# Best workflow for rating and rejecting photos in Lightroom cloud



## alec.dann-verizon (Jan 30, 2020)

I'm working with a student who wants to use his iPad to store and cull his photos using Lightroom (the cloud version) while traveling.

The issue I'm having is setting up a good post-import workflow to review, reject and rate photos.  In the desktop version of Lightroom cloud, the flags (pick./reject) and star ratings are visible in a tool bar at the bottom of the image screen.  Not so in the iPad version.  On top of that, there doesn't see to be any reject/.star rating capability outside of the individual image display.  So no quick pass to reject bad shots in Grid view like I would do in LR Classic.

I'm hoping someone on this forum can direct me to the right way to approach this.

Sadly, the Adobe help material for the cloud version is well-buried (not found or out of date) and the in-app tutorials don't cover anything other than image adjustments.


----------



## Paul McFarlane (Jan 31, 2020)

It isn't as easy as Classic for this, for sure!

With the initial Reject process, I tend to use Select on my iPad and simply select ones that I wish to reject, then add them to a 'reject' album. I can then go to that specific Album, select them all and hit trash. I appreciate that's only a small part of the question though! Personally my next step is to run through individually adding star ratings, etc (and odd edits on the fly)


----------



## alec.dann-verizon (Jan 31, 2020)

Paul McFarlane said:


> It isn't as easy as Classic for this, for sure!
> 
> With the initial Reject process, I tend to use Select on my iPad and simply select ones that I wish to reject, then add them to a 'reject' album. I can then go to that specific Album, select them all and hit trash. I appreciate that's only a small part of the question though!
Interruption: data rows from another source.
lemma poly_mat_mult: "poly_mat (M ** N) t = poly_mat M t ** poly_mat N t"
  by (simp add: poly_mat_def vec_eq_iff matrix_matrix_mult_def poly_sum)

lemma poly_mat_transpose: "poly_mat (transpose M) t = transpose (poly_mat M t)"
  by (simp add: poly_mat_def vec_eq_iff transpose_def)

lemma poly_mat_mat: "poly_mat (mat c) t = mat (poly c t)"
  by (simp add: poly_mat_def vec_eq_iff mat_def)

lemma det_poly_mat: "det (poly_mat M t) = poly (det M) t"
  by (simp add: poly_mat_def det_def poly_sum poly_prod)

lemma sylvester_det_gram_nonsingular:
  fixes X :: "'a::idom^'n^'n"
  assumes "det X \<noteq> 0"
  shows "det (mat 1 + X ** transpose X) = det (mat 1 + transpose X ** X)"
proof -
  have "det (mat 1 + X ** transpose X) * det X = det X * det (mat 1 + transpose X ** X)"
    by (metis det_mul id_plus_gram_push_through)
  with assms show ?thesis
    by (simp add: mult.commute)
qed

lemma det_add_scaled_id_nonzero:
  fixes A :: "real^'n^'n"
  obtains t where "det (A + t *\<^sub>R mat 1) \<noteq> 0"
proof -
  obtain K where "K > 0" and K: "\<And>x. norm (A *v x) \<le> norm x * K"
    using bounded_linear.pos_bounded[OF matrix_vector_mul_bounded_linear[of A]] by blast
  have "x = 0" if "(A + (K + 1) *\<^sub>R mat 1) *v x = 0" for x
  proof -
    have "A *v x = - ((K + 1) *\<^sub>R x)"
      using that by (simp add: matrix_vector_mult_add_rdistrib scaleR_matrix_vector_assoc[symmetric] eq_neg_iff_add_eq_0)
    then have "norm x * (K + 1) \<le> norm x * K"
      using K[of x] \<open>K > 0\<close> by (simp add: mult.commute)
    then show "x = 0" by (simp add: distrib_left)
  qed
  then have "\<exists>B. B ** (A + (K + 1) *\<^sub>R mat 1) = mat 1"
    by (simp add: matrix_left_invertible_ker)
  then have "invertible (A + (K + 1) *\<^sub>R mat 1)"
    using matrix_left_right_inverse unfolding invertible_def by blast
  then show thesis
    using that invertible_det_nz by blast
qed

(* The perturbation A + t I is nonsingular as a matrix of polynomials in t, so the identity
   holds there by cancellation and survives evaluation at t = 0. *)
lemma sylvester_det_gram:
  fixes A :: "real^'n^'n"
  shows "det (mat 1 + A ** transpose A) = det (mat 1 + transpose A ** A)"
proof -
  define X :: "real poly^'n^'n" where "X = (\<chi> i j. [:A$i$j:]) + mat [:0, 1:]"
  have X_at: "poly_mat X t = A + t *\<^sub>R mat 1" for t
    by (simp add: X_def poly_mat_def vec_eq_iff mat_def)
  obtain t where "det (A + t *\<^sub>R mat 1) \<noteq> 0"
    using det_add_scaled_id_nonzero .
  then have "det X \<noteq> 0"
    using det_poly_mat[of X t] X_at by auto
  then have "det (poly_mat (mat 1 + X ** transpose X) 0) = det (poly_mat (mat 1 + transpose X ** X) 0)"
    by (simp only: det_poly_mat sylvester_det_gram_nonsingular[OF \<open>det X \<noteq> 0\<close>])
  then show ?thesis
    by (simp add: poly_mat_add poly_mat_mult poly_mat_transpose poly_mat_mat X_at)
qed

lemma permutes_id_if_increasing:
  fixes p :: "'a::{finite,linorder} \<Rightarrow> 'a"
  assumes p: "p permutes UNIV" and incr: "\<And>i. i \<le> p i"
  shows "p = id"
proof
  fix i
  have inj: "inj p"
    using p permutes_inj by blast
  have "p ` {i<..} = {i<..}"
    using incr by (intro endo_inj_surj) (auto intro: order.strict_trans2 inj_on_subset[OF inj])
  then have "p i \<notin> {i<..}"
    using inj by (auto dest: injD)
  then show "p i = id i"
    using incr[of i] by simp
qed

(* The library's det_upperdiagonal needs a wellorder on the index type, not just a linorder. *)
lemma det_upper_triangular:
  fixes A :: "'a::comm_ring_1^('n::{finite,linorder})^('n::{finite,linorder})"
  assumes "\<And>i j. j < i \<Longrightarrow> A$i$j = 0"
  shows "det A = (\<Prod>i\<in>UNIV. A$i$i)"
proof -
  have "(\<Prod>i\<in>UNIV. A$i$p i) = 0" if p: "p permutes UNIV" "p \<noteq> id" for p
  proof -
    obtain i where "p i < i"
      using permutes_id_if_increasing[OF p(1)] p(2) by (meson not_le)
    then show ?thesis
      using assms by (intro prod_zero) auto
  qed
  then have "det A = (\<Sum>p\<in>{id}. of_int (sign p) * (\<Prod>i\<in>UNIV. A$i$p i))"
    unfolding det_def
    by (intro sum.mono_neutral_right) (auto simp: finite_permutations)
  then show ?thesis
    by simp
qed

lemma det_pos_if_upper_tri_posdiag:
  fixes R :: "real^('n::{finite,linorder})^('n::{finite,linorder})"
  assumes "upper_tri_posdiag R"
  shows "det R > 0"
  using assms unfolding upper_tri_posdiag_def
  by (subst det_upper_triangular) (auto intro: prod_pos)

lemma sum_UNIV_Plus:
  "sum f (UNIV :: ('a::finite + 'b::finite) set) = (\<Sum>i\<in>UNIV. f (Inl i)) + (\<Sum>i\<in>UNIV. f (Inr i))"
  using sum.Plus[of "UNIV :: 'a set" "UNIV :: 'b set" f] by (simp add: o_def)

lemma block2_mult:
  "block2 A B C D ** block2 E F G H =
   block2 (A ** E + B ** G) (A ** F + B ** H) (C ** E + D ** G) (C ** F + D ** H)"
  unfolding vec_eq_iff
  by (auto simp: block2_def matrix_matrix_mult_def sum_UNIV_Plus split: sum.splits)

lemma transpose_block2:
  "transpose (block2 A B C D) = block2 (transpose A) (transpose C) (transpose B) (transpose D)"
  unfolding vec_eq_iff by (auto simp: block2_def transpose_def split: sum.splits)

lemma block2_eq_iff:
  "block2 A B C D = block2 A' B' C' D' \<longleftrightarrow> A = A' \<and> B = B' \<and> C = C' \<and> D = D'"
proof
  assume eq: "block2 A B C D = block2 A' B' C' D'"
  have "block2 A B C D $ i $ j = block2 A' B' C' D' $ i $ j" for i j
    using eq by simp
  from this[of "Inl _" "Inl _"] this[of "Inl _" "Inr _"] this[of "Inr _" "Inl _"] this[of "Inr _" "Inr _"]
  show "A = A' \<and> B = B' \<and> C = C' \<and> D = D'"
    by (simp add: block2_def vec_eq_iff)
qed simp

lemma QR_gram_blocks:
  fixes A C R1 R2 R3 :: "real^'n^'n" and Q :: "real^('n + 'n)^('n + 'n)"
  assumes QR: "block2 A C (mat 1) 0 = Q ** block2 R1 R2 0 R3" and Q: "orthogonal_matrix Q"
  shows "transpose A ** A + mat 1 = transpose R1 ** R1"
    and "transpose A ** C = transpose R1 ** R2"
    and "transpose C ** C = transpose R2 ** R2 + transpose R3 ** R3"
proof -
  let ?M = "block2 A C (mat 1) 0" and ?R = "block2 R1 R2 0 R3"
  have "transpose ?M ** ?M = transpose ?R ** (transpose Q ** Q) ** ?R"
    unfolding QR matrix_transpose_mul matrix_mul_assoc ..
  also have "\<dots> = transpose ?R ** ?R"
    using Q unfolding orthogonal_matrix_def by simp
  finally show "transpose A ** A + mat 1 = transpose R1 ** R1"
    and "transpose A ** C = transpose R1 ** R2"
    and "transpose C ** C = transpose R2 ** R2 + transpose R3 ** R3"
    unfolding transpose_block2 block2_mult block2_eq_iff by simp_all
qed

lemma frob_norm_sq: "(frob_norm A)^2 = trace (transpose A ** A)"
proof -
  have "(frob_norm A)^2 = (\<Sum>i\<in>UNIV. \<Sum>j\<in>UNIV. (A$i$j)^2)"
    unfolding frob_norm_def by (simp add: sum_nonneg)
  also have "\<dots> = trace (transpose A ** A)"
    by (subst sum.swap) (simp add: trace_def matrix_matrix_mult_def transpose_def power2_eq_square)
  finally show ?thesis .
qed

lemma frob_norm_pos: "A$i$j \<noteq> 0 \<Longrightarrow> frob_norm A > 0"
  unfolding frob_norm_def
  by (intro real_sqrt_gt_zero sum_pos2[of UNIV i] sum_nonneg) (auto intro!: sum_pos2[of UNIV j])

lemma QR_residual_pos:
  fixes A C R1 R2 R3 :: "real^('n::{finite,linorder})^('n::{finite,linorder})"
    and Q :: "real^('n + 'n)^('n + 'n)"
  assumes "block2 A C (mat 1) 0 = Q ** block2 R1 R2 0 R3" "orthogonal_matrix Q"
    and "upper_tri_posdiag R3"
  shows "(frob_norm C)^2 - (frob_norm R2)^2 > 0"
proof -
  have "(frob_norm C)^2 - (frob_norm R2)^2 = (frob_norm R3)^2"
    using QR_gram_blocks(3)[OF assms(1,2)] by (simp add: frob_norm_sq trace_add)
  moreover have "frob_norm R3 > 0"
    using assms(3) unfolding upper_tri_posdiag_def by (metis frob_norm_pos less_irrefl)
  ultimately show ?thesis
    by simp
qed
Personally my next step is to run through individually adding star ratings, etc (and odd edits on the fly)


Thanks!  Very helpful.

It's a surprise to me, given Adobe marketing's clear emphasis of the LR cloud version, that the UI team didn't invest more care into the interface and streamlining the primary workflows.   As evidence of this, I notice that the desktop version of Lightroom (cloud) displays a toolbar where flags and ratings are visible but the phone and tablet versions don't.  Tablet and phone users should at least have the option to display the toolbar.  Trying to teach others how to use it, I find myself constantly apologizing that it's not more intuitive.  [end rant]

Again, thanks for your help.


----------



## clee01l (Jan 31, 2020)

alec.dann-verizon said:


> It's a surprise to me, given Adobe marketing's clear emphasis of the LR cloud version, that the UI team didn't invest more care into the interface and streamlining the primary workflows.
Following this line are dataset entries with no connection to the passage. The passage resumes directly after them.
(* For every classical formula $\phi$ of $\mathsf{PT}$, reading $\phi$ as a formula of classical propositional logic with tensor $\otimes$ read as classical disjunction (and $\to$, $\neg$, $\wedge$ read classically), $\phi$ is a classical tautology if and only if $\models\phi$ in team semantics.
   Context: A valuation is a function $v$ from the set Prop of propositional variables to $\{0,1\}$; a team is a set of valuations. Formulas of $\mathsf{PT}$: $\phi::=p\mid\neg p\mid\bot\mid\top\mid\,=\!(p_1,\dots,p_k,q)\mid\phi\wedge\phi\mid\phi\otimes\phi\mid\phi\vee\phi\mid\phi\to\phi$. Satisfaction on a team $X$: $X\models p$ iff $v(p)=1$ for all $v\in X$; $X\models\neg p$ iff $v(p)=0$ for all $v\in X$; $X\models\bot$ iff $X=\emptyset$; $X\models\top$ always; $X\models\,=\!(\vec p,q)$ iff for all $v,v'\in X$, $v(\vec p)=v'(\vec p)$ implies $v(q)=v'(q)$; $\wedge$ conjunction; $X\models\phi\otimes\psi$ iff $X=Y\cup Z$ with $Y\models\phi$, $Z\models\psi$; $X\models\phi\vee\psi$ iff $X\models\phi$ or $X\models\psi$; $X\models\phi\to\psi$ iff every $Y\subseteq X$ with $Y\models\phi$ satisfies $\psi$. $\models\phi$ means all teams satisfy $\phi$. A formula of $\mathsf{PT}$ is classical if it contains no dependence atoms and no intuitionistic disjunction $\vee$. *)

theory Defs
  imports Main
begin

datatype 'p fml =
    Var 'p
  | NegVar 'p
  | Bot
  | Top
  | Dep "'p list" 'p
  | Conj "'p fml" "'p fml"
  | Tensor "'p fml" "'p fml"
  | IDisj "'p fml" "'p fml"
  | Imp "'p fml" "'p fml"

type_synonym 'p valuation = "'p \<Rightarrow> bool"
type_synonym 'p team = "'p valuation set"

fun tsat :: "'p team \<Rightarrow> 'p fml \<Rightarrow> bool" where
  "tsat X (Var p) = (\<forall>v\<in>X. v p)"
| "tsat X (NegVar p) = (\<forall>v\<in>X. \<not> v p)"
| "tsat X Bot = (X = {})"
| "tsat X Top = True"
| "tsat X (Dep ps q) = (\<forall>v\<in>X. \<forall>v'\<in>X. map v ps = map v' ps \<longrightarrow> v q = v' q)"
| "tsat X (Conj a b) = (tsat X a \<and> tsat X b)"
| "tsat X (Tensor a b) = (\<exists>Y Z. X = Y \<union> Z \<and> tsat Y a \<and> tsat Z b)"
| "tsat X (IDisj a b) = (tsat X a \<or> tsat X b)"
| "tsat X (Imp a b) = (\<forall>Y. Y \<subseteq> X \<longrightarrow> tsat Y a \<longrightarrow> tsat Y b)"

definition valid :: "'p fml \<Rightarrow> bool" where
  "valid \<phi> \<longleftrightarrow> (\<forall>X. tsat X \<phi>)"

fun classical :: "'p fml \<Rightarrow> bool" where
  "classical (Dep _ _) = False"
| "classical (IDisj _ _) = False"
| "classical (Conj a b) = (classical a \<and> classical b)"
| "classical (Tensor a b) = (classical a \<and> classical b)"
| "classical (Imp a b) = (classical a \<and> classical b)"
| "classical _ = True"

text \<open>Classical (single valuation) reading; tensor read as classical disjunction.
  The clauses for Dep and IDisj are irrelevant for classical formulas.\<close>
fun csat :: "'p valuation \<Rightarrow> 'p fml \<Rightarrow> bool" where
  "csat v (Var p) = v p"
| "csat v (NegVar p) = (\<not> v p)"
| "csat v Bot = False"
| "csat v Top = True"
| "csat v (Dep ps q) = True"
| "csat v (Conj a b) = (csat v a \<and> csat v b)"
| "csat v (Tensor a b) = (csat v a \<or> csat v b)"
| "csat v (IDisj a b) = (csat v a \<or> csat v b)"
| "csat v (Imp a b) = (csat v a \<longrightarrow> csat v b)"

definition tautology :: "'p fml \<Rightarrow> bool" where
  "tautology \<phi> \<longleftrightarrow> (\<forall>v. csat v \<phi>)"

end

theory Submission
  imports Defs
begin

text \<open>Classical formulas are flat: a team satisfies such a formula iff each of its valuations
  does under the classical reading. For a tensor, split the team according to which disjunct
  holds; for an implication, test it on singleton subteams. Validity is then truth in every
  singleton team, which is exactly being a tautology.\<close>

lemma tsat_classical_iff:
  assumes "classical \<phi>"
  shows "tsat X \<phi> \<longleftrightarrow> (\<forall>v\<in>X. csat v \<phi>)"
  using assms
proof (induction \<phi> arbitrary: X)
  case (Tensor a b)
  then have IH: "\<And>Y. tsat Y a \<longleftrightarrow> (\<forall>v\<in>Y. csat v a)" "\<And>Y. tsat Y b \<longleftrightarrow> (\<forall>v\<in>Y. csat v b)"
    by auto
  show ?case
  proof
    assume "\<forall>v\<in>X. csat v (Tensor a b)"
    then have "X = {v\<in>X. csat v a} \<union> {v\<in>X. csat v b}" by auto
    moreover have "tsat {v\<in>X. csat v a} a" "tsat {v\<in>X. csat v b} b" using IH by auto
    ultimately show "tsat X (Tensor a b)" by auto
  qed (use IH in auto)
next
  case (Imp a b)
  then have IH: "\<And>Y. tsat Y a \<longleftrightarrow> (\<forall>v\<in>Y. csat v a)" "\<And>Y. tsat Y b \<longleftrightarrow> (\<forall>v\<in>Y. csat v b)"
    by auto
  show ?case
  proof
    assume imp: "tsat X (Imp a b)"
    show "\<forall>v\<in>X. csat v (Imp a b)"
    proof
      fix v assume "v \<in> X"
      with imp have "tsat {v} a \<longrightarrow> tsat {v} b" by simp
      then show "csat v (Imp a b)" using IH by simp
    qed
  qed (use IH in auto)
qed auto

theorem lemma2p6:
  fixes \<phi> :: "'p fml"
  assumes "classical \<phi>"
  shows "tautology \<phi> \<longleftrightarrow> valid \<phi>"
proof
  assume "tautology \<phi>"
  then show "valid \<phi>"
    by (simp add: tautology_def valid_def tsat_classical_iff[OF assms])
next
  assume "valid \<phi>"
  then have "tsat {v} \<phi>" for v by (simp add: valid_def)
  then show "tautology \<phi>"
    by (simp add: tautology_def tsat_classical_iff[OF assms])
qed

end
section \<open>Expectations under i.i.d. standard normal sampling\<close>

lemma nn_integral_inverse_Ioc_eq_infinity:
  fixes d :: real
  assumes "0 < d"
  shows "(\<integral>\<^sup>+y\<in>{0<..d}. ennreal (1 / y) \<partial>lborel) = \<infinity>"
proof (rule ccontr)
  assume "(\<integral>\<^sup>+y\<in>{0<..d}. ennreal (1 / y) \<partial>lborel) \<noteq> \<infinity>"
  then obtain r where r: "(\<integral>\<^sup>+y\<in>{0<..d}. ennreal (1 / y) \<partial>lborel) = ennreal r" "0 \<le> r"
    by (cases "\<integral>\<^sup>+y\<in>{0<..d}. ennreal (1 / y) \<partial>lborel") auto
  define e where "e = d * exp (- (r + 1))"
  have e: "0 < e" "e \<le> d"
    unfolding e_def using assms \<open>0 \<le> r\<close> by (auto intro: mult_left_le)
  have "ennreal (r + 1) = ennreal (ln d - ln e)"
    unfolding e_def using assms by (simp add: ln_mult)
  also have "\<dots> = (\<integral>\<^sup>+y. ennreal (1 / y) * indicator {e..d} y \<partial>lborel)"
    by (rule nn_integral_FTC_Icc[symmetric])
       (use e in \<open>auto intro!: derivative_eq_intros simp: field_simps\<close>)
  also have "\<dots> \<le> (\<integral>\<^sup>+y\<in>{0<..d}. ennreal (1 / y) \<partial>lborel)"
    using e by (intro nn_integral_mono) (auto split: split_indicator)
  finally show False
    using r by (simp add: ennreal_le_iff)
qed

locale iid_std_normal = prob_space M for M :: "'a measure" +
  fixes X :: "nat \<Rightarrow> 'a \<Rightarrow> real"
  assumes indep: "indep_vars (\<lambda>_. borel) X {1..}"
    and std_normal: "\<And>k. k \<ge> 1 \<Longrightarrow> distributed M lborel (X k) std_normal_density"
begin

lemma distributed_Ksum:
  assumes "n \<ge> 1"
  shows "distributed M lborel (\<lambda>\<omega>. Ksum (\<lambda>k. X k \<omega>) n) (normal_density 0 (sqrt n))"
proof -
  have "distributed M lborel (\<lambda>\<omega>. \<Sum>k\<in>{1..n}. X k \<omega>)
          (normal_density (\<Sum>k\<in>{1..n}. 0) (sqrt (\<Sum>k\<in>{1..n}. 1\<^sup>2)))"
    using assms std_normal by (intro sum_indep_normal indep_vars_subset[OF indep]) auto
  then show ?thesis
    unfolding Ksum_def by simp
qed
I think part of this stems from the need to create a UI for Lightroom (cloudy) that is common to all platforms.  It matters little whether you work an image on you PC/Mac Android Phone or Apple iPadPro the interfaces is essentially identical.   There are constraints to the UI imposed by these mobile operating systems that are not present in Windows or MacOS.   You can see the same divergence if you look at other apps ported from Windows?Mac to a mobile platform.  MSWord or Excel do not have the features found on their Windows cousins.


----------



## alec.dann-verizon (Jan 31, 2020)

clee01l said:


> I think part of this stems from the need to create a UI for Lightroom (cloudy) that is common to all platforms.  It matters little whether you work an image on you PC/Mac Android Phone or Apple iPadPro the interfaces is essentially identical.   There are constraints to the UI imposed by these mobile operating systems that are not present in Windows or MacOS.   You can see the same divergence if you look at other apps ported from Windows?Mac to a mobile platform.  MSWord or Excel do not have the features found on their Windows cousins.


Thanks, Cletus.  I've taken part in app design projects and agree that there are significant differences between platforms.  I still think the usability could be a lot better.


----------



## mikebore (Feb 3, 2020)

I use the method in this article:

https://www.digitaltrends.com/photography/lightroom-shortcuts-ipad-mobile/
*"Swipe to rate and review (iPad only)*
On the iPad, enter the “rate and review” mode by tapping the star icon. From here, swipe up or down on the left side of the photo to increase or decrease the rating, or on the right side of the photo to add or a remove a flag. Swiping side-to-side still scrolls to the next or previous image in the catalog."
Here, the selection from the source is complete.